=== Provided material ===
(* Let $\mathcal{C}$ be a class of finite reflexive digraphs for which there is a natural number $N$ such that every set of disjoint partial pairs in every member of $\mathcal{C}$ has size at most $N$. Then $\mathcal{C}$ is well quasi-ordered under the standard and under the strong homomorphic image orderings.
   Context: A digraph is a set $D$ with a binary relation $E(D)\subseteq D\times D$; it is reflexive if every loop $(x,x)$ is an edge. A pair of vertices $a,b$ is partial if $a\neq b$ and not both $(a,b)$ and $(b,a)$ are edges. Partial pairs $(a_1,b_1),\dots,(a_k,b_k)$ are disjoint if $a_1,\dots,a_k,b_1,\dots,b_k$ are all distinct. A homomorphism maps edges to edges; it is strong if additionally every edge of the target between vertices of the image is the image of an edge. Standard homomorphic image ordering: $A\preceq B$ iff there is a surjective homomorphism $B\to A$; strong: iff there is a surjective strong homomorphism $B\to A$. Well quasi-ordered means no infinite strictly decreasing sequence and no infinite antichain; digraphs considered up to isomorphism. *)

theory Defs
  imports Main
begin

type_synonym 'a digraph = "'a set \<times> ('a \<times> 'a) set"

definition verts :: "'a digraph \<Rightarrow> 'a set" where "verts D = fst D"
definition edges :: "'a digraph \<Rightarrow> ('a \<times> 'a) set" where "edges D = snd D"

definition digraph :: "'a digraph \<Rightarrow> bool" where
  "digraph D \<longleftrightarrow> edges D \<subseteq> verts D \<times> verts D"

definition finite_digraph :: "'a digraph \<Rightarrow> bool" where
  "finite_digraph D \<longleftrightarrow> digraph D \<and> finite (verts D)"

definition reflexive_digraph :: "'a digraph \<Rightarrow> bool" where
  "reflexive_digraph D \<longleftrightarrow> digraph D \<and> (\<forall>x\<in>verts D. (x, x) \<in> edges D)"

definition partial_pair :: "'a digraph \<Rightarrow> 'a \<Rightarrow> 'a \<Rightarrow> bool" where
  "partial_pair D a b \<longleftrightarrow> a \<in> verts D \<and> b \<in> verts D \<and> a \<noteq> b \<and>
     \<not> ((a, b) \<in> edges D \<and> (b, a) \<in> edges D)"

definition disjoint_partial_pairs :: "'a digraph \<Rightarrow> ('a \<times> 'a) set \<Rightarrow> bool" where
  "disjoint_partial_pairs D P \<longleftrightarrow>
     (\<forall>(a, b)\<in>P. partial_pair D a b) \<and>
     (\<forall>(a, b)\<in>P. \<forall>(c, d)\<in>P. (a, b) \<noteq> (c, d) \<longrightarrow> {a, b} \<inter> {c, d} = {})"

definition hom :: "'a digraph \<Rightarrow> 'a digraph \<Rightarrow> ('a \<Rightarrow> 'a) \<Rightarrow> bool" where
  "hom G H f \<longleftrightarrow> f ` verts G \<subseteq> verts H \<and>
     (\<forall>(x, y)\<in>edges G. (f x, f y) \<in> edges H)"

definition strong_hom :: "'a digraph \<Rightarrow> 'a digraph \<Rightarrow> ('a \<Rightarrow> 'a) \<Rightarrow> bool" where
  "strong_hom G H f \<longleftrightarrow> hom G H f \<and>
     (\<forall>u v. (u, v) \<in> edges H \<and> u \<in> f ` verts G \<and> v \<in> f ` verts G \<longrightarrow>
        (\<exists>x y. (x, y) \<in> edges G \<and> f x = u \<and> f y = v))"

definition hom_image_le :: "'a digraph \<Rightarrow> 'a digraph \<Rightarrow> bool" where
  "hom_image_le A B \<longleftrightarrow> (\<exists>f. hom B A f \<and> f ` verts B = verts A)"

definition strong_hom_image_le :: "'a digraph \<Rightarrow> 'a digraph \<Rightarrow> bool" where
  "strong_hom_image_le A B \<longleftrightarrow> (\<exists>f. strong_hom B A f \<and> f ` verts B = verts A)"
===
About this exercise
All lines above with "noteq" in them should be returned.

Exercise output
  "partial_pair D a b \<longleftrightarrow> a \<in> verts D \<and> b \<in> verts D \<and> a \<noteq> b \<and>
     (\<forall>(a, b)\<in>P. \<forall>(c, d)\<in>P. (a, b) \<noteq> (c, d) \<longrightarrow> {a, b} \<inter> {c, d} = {})"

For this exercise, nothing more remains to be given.